Потом стали голосовать.

— Внесено одно предложение: исключить из членов партии товарища Бакасова. Кто «за»?

— Одну минутку, товарищ Кашкатаев. — Снова порывисто встал Керимбеков. — Товарищи члены бюро, не совершим ли мы тяжелую ошибку? Есть другое предложение — ограничиться строгим выговором с занесением в личное дело Бакасова и объявить вместе с этим выговор члену бюро Сегизбаеву за оскорбление партийного и человеческого достоинства коммуниста Бакасова, за недопустимый метод работы Сегизбаева как уполномоченного райкома.

— Демагогия! — вскричал Сегизбаев.

— Успокойтесь, товарищи, — сказал Кашкатаев. — Вы находитесь на бюро райкома, а не дома у себя, прошу соблюдать дисциплину. — Теперь все зависело от него, первого секретаря райкома. И он повернул дело так, как и рассчитывал Сегизбаев. — Привлекать Бакасова к уголовной ответственности я не нахожу нужным, — сказал он, — но в партии ему, конечно, не место, в этом товарищ Сегизбаев совершенно прав. Будем голосовать. Кто за исключение Бакасова?

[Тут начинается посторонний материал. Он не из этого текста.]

(* Let $U\subset\mathbb{R}^2$ be bounded, open and contractible with $\partial U$ locally connected, let $f:D^2\to\overline{U}$ be the continuous extension of the inverse of a conformal map $\psi:U\to\operatorname{int}(D^2)$, and let $B=\{x\in S^1: f(x)\text{ is a cutpoint of }\partial U\}$. For $b\in S^1$ the following are equivalent: (1) $b\notin B$; (2) for every $t_0\in\mathbb{R}$ and every continuous map $g:S^1\to\overline{U}\times\mathbb{R}$ with $g(1)=(f(b),t_0)$ and $g(\theta)\in U\times\mathbb{R}$ for all $\theta\neq 1$, there exists a continuous map $G:D^2\to\overline{U}\times\mathbb{R}$ with $G|_{S^1}=g$ and $G(z)\in U\times\mathbb{R}$ for all $z\in\operatorname{int}(D^2)$.
   Context: $D^2\subset\mathbb{C}$ is the closed unit disk, $S^1=\partial D^2$. Since $\partial U$ is locally connected, $\psi^{-1}$ extends continuously to a surjection $f:D^2\to\overline{U}$. A point $z\in\partial U$ is a cutpoint of $\partial U$ if $\partial U\setminus\{z\}$ is not connected. *)

theory Defs
  imports "HOL-Complex_Analysis.Complex_Analysis"
begin

definition cutpoint :: "complex set \<Rightarrow> complex \<Rightarrow> bool" where
  "cutpoint X z \<longleftrightarrow> z \<in> X \<and> \<not> connected (X - {z})"

end

theory Submission
  imports Defs
begin

text \<open>Cutpoints of the boundary are exactly the images of points of the circle with more
  than one preimage under f. If f b = f b' with b \<noteq> b', f maps the two radii ending at b and b'
  onto a Jordan curve meeting the boundary of U only at f b. Each side of the curve contains a
  point of U, and a radius of the disc from its preimage to a point c of the circle with
  f c \<noteq> f b cannot cross the curve, so f c is a boundary point on that side; such c exist because
  the holomorphic map f is not constant on any arc of the circle. Conversely, if b is the only
  preimage of f b, the boundary minus f b is the image of the connected punctured circle.

  If b is the only preimage of f b, a loop g in the closure of U touching the boundary only at
  g 1 = f b lifts through f to a continuous loop on the closed disc, continuity coming from
  compactness and the uniqueness of preimages; this lift extends to the closed disc mapping the
  open disc into itself, f of the extension fills the loop, and the real coordinate is
  extended by Tietze's theorem. If f b has a second preimage, the Jordan curve above, pinned
  at f b, winds once around a boundary point inside it, so no filling can stay in U.\<close>

lemma norm_cis_diff_le: "cmod (cis a - cis b) \<le> \<bar>a - b\<bar>"
proof -
  have "(cmod (cis a - cis b))\<^sup>2 = (cos a - cos b)\<^sup>2 + (sin a - sin b)\<^sup>2"
    by (simp add: cmod_power2)
  also have "\<dots> = 2 - 2 * cos (a - b)"
    by (simp add: cos_diff power2_eq_square algebra_simps)
  also have "\<dots> = 4 * (sin ((a - b) / 2))\<^sup>2"
  proof -
    have half: "2 * ((a - b) / 2) = a - b"
      by simp
    have "cos (a - b) = 1 - 2 * (sin ((a - b) / 2))\<^sup>2"
      using cos_double_sin[of "(a - b) / 2"] unfolding half .
    then show ?thesis
      by simp
  qed
  also have "\<dots> \<le> 4 * ((a - b) / 2)\<^sup>2"
  proof -
    have "\<bar>sin ((a - b) / 2)\<bar> \<le> \<bar>(a - b) / 2\<bar>"
      by (rule abs_sin_x_le_abs_x)
    then show ?thesis
      by (metis abs_le_square_iff mult_left_mono zero_le_numeral)
  qed
  also have "\<dots> = \<bar>a - b\<bar>\<^sup>2"
    by (simp add: power2_eq_square field_simps)
  finally show ?thesis
    by (rule power2_le_imp_le) simp
qed

lemma root_of_unity_rotation_near:
  fixes N :: nat
  assumes c: "cmod c = 1" and c0: "cmod c0 = 1" and N: "0 < N" and e: "2 * pi / N < e"
  obtains k :: nat where "k < N" "dist (cis (2 * pi * k / N) * c) c0 < e"
proof -
  define \<theta> where "\<theta> = Arg2pi (c0 / c)"
  have \<theta>: "0 \<le> \<theta>" "\<theta> < 2 * pi"
    using Arg2pi[of "c0 / c"] by (auto simp: \<theta>_def)
  have "cis \<theta> = c0 / c"
    using complex_norm_eq_1_exp[of "c0 / c"] c c0 by (simp add: \<theta>_def norm_divide cis_conv_exp)
  then have c0_eq: "c0 = cis \<theta> * c"
    using c by auto
  define k where "k = nat \<lfloor>\<theta> * N / (2 * pi)\<rfloor>"
  have k: "real k \<le> \<theta> * N / (2 * pi)" "\<theta> * N / (2 * pi) < real k + 1"
    using \<theta> N by (auto simp: k_def)
  have "\<theta> * N / (2 * pi) < N"
    using \<theta> N by (simp add: field_simps)
  then have "k < N"
    using k(1) by linarith
  have "2 * pi * k / N \<le> \<theta>" "\<theta> < 2 * pi * k / N + 2 * pi / N"
    using k N by (simp_all add: field_simps)
  then have "\<bar>2 * pi * k / N - \<theta>\<bar> < e"
    using e by linarith
  moreover have "dist (cis (2 * pi * k / N) * c) c0 = cmod (cis (2 * pi * k / N) - cis \<theta>)"
    by (simp add: c0_eq dist_norm norm_mult c flip: left_diff_distrib)
  ultimately show thesis
    using that[OF \<open>k < N\<close>] norm_cis_diff_le[of "2 * pi * k / N" \<theta>] by linarith
qed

Членов бюро было семь человек. Трое подняли руки за исключение, трое — против. Оставался сам Кашкатаев. Помедлив, он поднял руку «за». Танабай ничего этого не видел. Он узнал решение своей участи, когда услышал, как Кашкатаев обратился к секретарше:

— Запишите в протокол: решением бюро райкома товарищ Бакасов Танабай исключен из членов партии.

«Вот и все!» — сказал про себя Танабай, помертвев.

— А я настаиваю на объявлении выговора Сегизбаеву, — не сдавался Керимбеков.

Можно было и не ставить этого на голосование, отклонить, но Кашкатаев решил, что надо поставить. В этом тоже был свой тайный смысл.

— Кто за предложение товарища Керимбекова? Прошу поднять руки!

Опять три на три. И опять Кашкатаев поднял руку четвертым и спас тем самым Сегизбаева от выговора. «Только поймет ли он, оценит ли эту услугу? Кто его знает… Коварен, хитер».

Люди задвигались на стульях, как бы собираясь уходить. Танабай решил, что все уже кончено, встал и молча, ни на кого не глядя, направился к дверям.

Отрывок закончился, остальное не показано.